Data extracted from a collection
━━━━━━
lemma cosheaf_chains_0_support:
  assumes "w \<in> cosheaf_chains G M I k 0" and "w \<sigma> \<tau> \<noteq> 0"
  shows "\<exists>g. \<sigma> = {g} \<and> g \<in> deriv M G (converse I) \<tau> \<and> \<tau> \<noteq> {} \<and> \<tau> \<subseteq> M \<and> card \<tau> = k + 1"
proof -
  from assms(2) have "w \<sigma> \<noteq> (\<lambda>_. 0)"
    by auto
  with assms have "\<sigma> \<in> dowker G M I" "card \<sigma> = 1"
    "\<tau> \<in> full_simplex (deriv G M I \<sigma>)" "card \<tau> = k + 1"
    unfolding cosheaf_chains_iff by auto
  then show ?thesis
    unfolding full_simplex_def deriv_def dowker_def by (auto simp: card_1_singleton_iff)
qed

text \<open>The coefficient of \<open>c\<close> at \<open>\<rho>\<close> is placed on a chosen vertex of \<open>\<rho>'\<close>; the choice is
  irrelevant (and \<open>\<rho>'\<close> nonempty) wherever \<open>c \<rho> \<noteq> 0\<close>.\<close>
definition lift_chain ::
  "'g set \<Rightarrow> 'm set \<Rightarrow> ('g \<times> 'm) set \<Rightarrow> ('m set \<Rightarrow> real) \<Rightarrow> 'g set \<Rightarrow> 'm set \<Rightarrow> real" where
  "lift_chain G M I c = (\<lambda>\<sigma> \<rho>. if \<sigma> = {SOME g. g \<in> deriv M G (converse I) \<rho>} then c \<rho> else 0)"

lemma lift_chain_support:
  assumes "c \<in> chains (dowker M G (converse I)) k" and "lift_chain G M I c \<sigma> \<rho> \<noteq> 0"
  shows "\<exists>g. \<sigma> = {g} \<and> g \<in> deriv M G (converse I) \<rho> \<and> \<rho> \<noteq> {} \<and> \<rho> \<subseteq> M \<and> card \<rho> = k + 1
           \<and> c \<rho> \<noteq> 0"
proof -
  from assms have "\<sigma> = {SOME g. g \<in> deriv M G (converse I) \<rho>}" "c \<rho> \<noteq> 0"
    unfolding lift_chain_def by (auto split: if_splits)
  moreover from \<open>c \<rho> \<noteq> 0\<close> assms(1) have "\<rho> \<in> dowker M G (converse I)" "card \<rho> = k + 1"
    unfolding chains_def by auto
  moreover from this(1) have "(SOME g. g \<in> deriv M G (converse I) \<rho>) \<in> deriv M G (converse I) \<rho>"
    unfolding dowker_def by (auto intro: someI_ex)
  ultimately show ?thesis
    unfolding dowker_def by auto
qed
━━━━━━
▸ **What you need to do**: Each entry above is to be transcribed exactly as it was written.

▸ **Response area**:
lemma cosheaf_chains_0_support:
  assumes "w \<in> cosheaf_chains G M I k 0" and "w \<sigma> \<tau> \<noteq> 0"
  shows "\<exists>g. \<sigma> = {g} \<and> g \<in> deriv M G (converse I) \<tau> \<and> \<tau> \<noteq> {} \<and> \<tau> \<subseteq> M \<and> card \<tau> = k + 1"
proof -
  from assms(2) have "w \<sigma> \<noteq> (\<lambda>_. 0)"
    by auto
  with assms have "\<sigma> \<in> dowker G M I" "card \<sigma> = 1"
    "\<tau> \<in> full_simplex (deriv G M I \<sigma>)" "card \<tau> = k + 1"
    unfolding cosheaf_chains_iff by auto
  then show ?thesis
    unfolding full_simplex_def deriv_def dowker_def by (auto simp: card_1_singleton_iff)
qed

text \<open>The coefficient of \<open>c\<close> at \<open>\<rho>\<close> is placed on a chosen vertex of \<open>\<rho>'\<close>; the choice is
  irrelevant (and \<open>\<rho>'\<close> nonempty) wherever \<open>c \<rho> \<noteq> 0\<close>.\<close>
definition lift_chain ::
  "'g set \<Rightarrow> 'm set \<Rightarrow> ('g \<times> 'm) set \<Rightarrow> ('m set \<Rightarrow> real) \<Rightarrow> 'g set \<Rightarrow> 'm set \<Rightarrow> real" where
  "lift_chain G M I c = (\<lambda>\<sigma> \<rho>. if \<sigma> = {SOME g. g \<in> deriv M G (converse I) \<rho>} then c \<rho> else 0)"

lemma lift_chain_support:
  assumes "c \<in> chains (dowker M G (converse I)) k" and "lift_chain G M I c \<sigma> \<rho> \<noteq> 0"
  shows "\<exists>g. \<sigma> = {g} \<and> g \<in> deriv M G (converse I) \<rho> \<and> \<rho> \<noteq> {} \<and> \<rho> \<subseteq> M \<and> card \<rho> = k + 1
           \<and> c \<rho> \<noteq> 0"
proof -
  from assms have "\<sigma> = {SOME g. g \<in> deriv M G (converse I) \<rho>}" "c \<rho> \<noteq> 0"
    unfolding lift_chain_def by (auto split: if_splits)
  moreover from \<open>c \<rho> \<noteq> 0\<close> assms(1) have "\<rho> \<in> dowker M G (converse I)" "card \<rho> = k + 1"
    unfolding chains_def by auto
  moreover from this(1) have "(SOME g. g \<in> deriv M G (converse I) \<rho>) \<in> deriv M G (converse I) \<rho>"
    unfolding dowker_def by (auto intro: someI_ex)
  ultimately show ?thesis
    unfolding dowker_def by auto
qed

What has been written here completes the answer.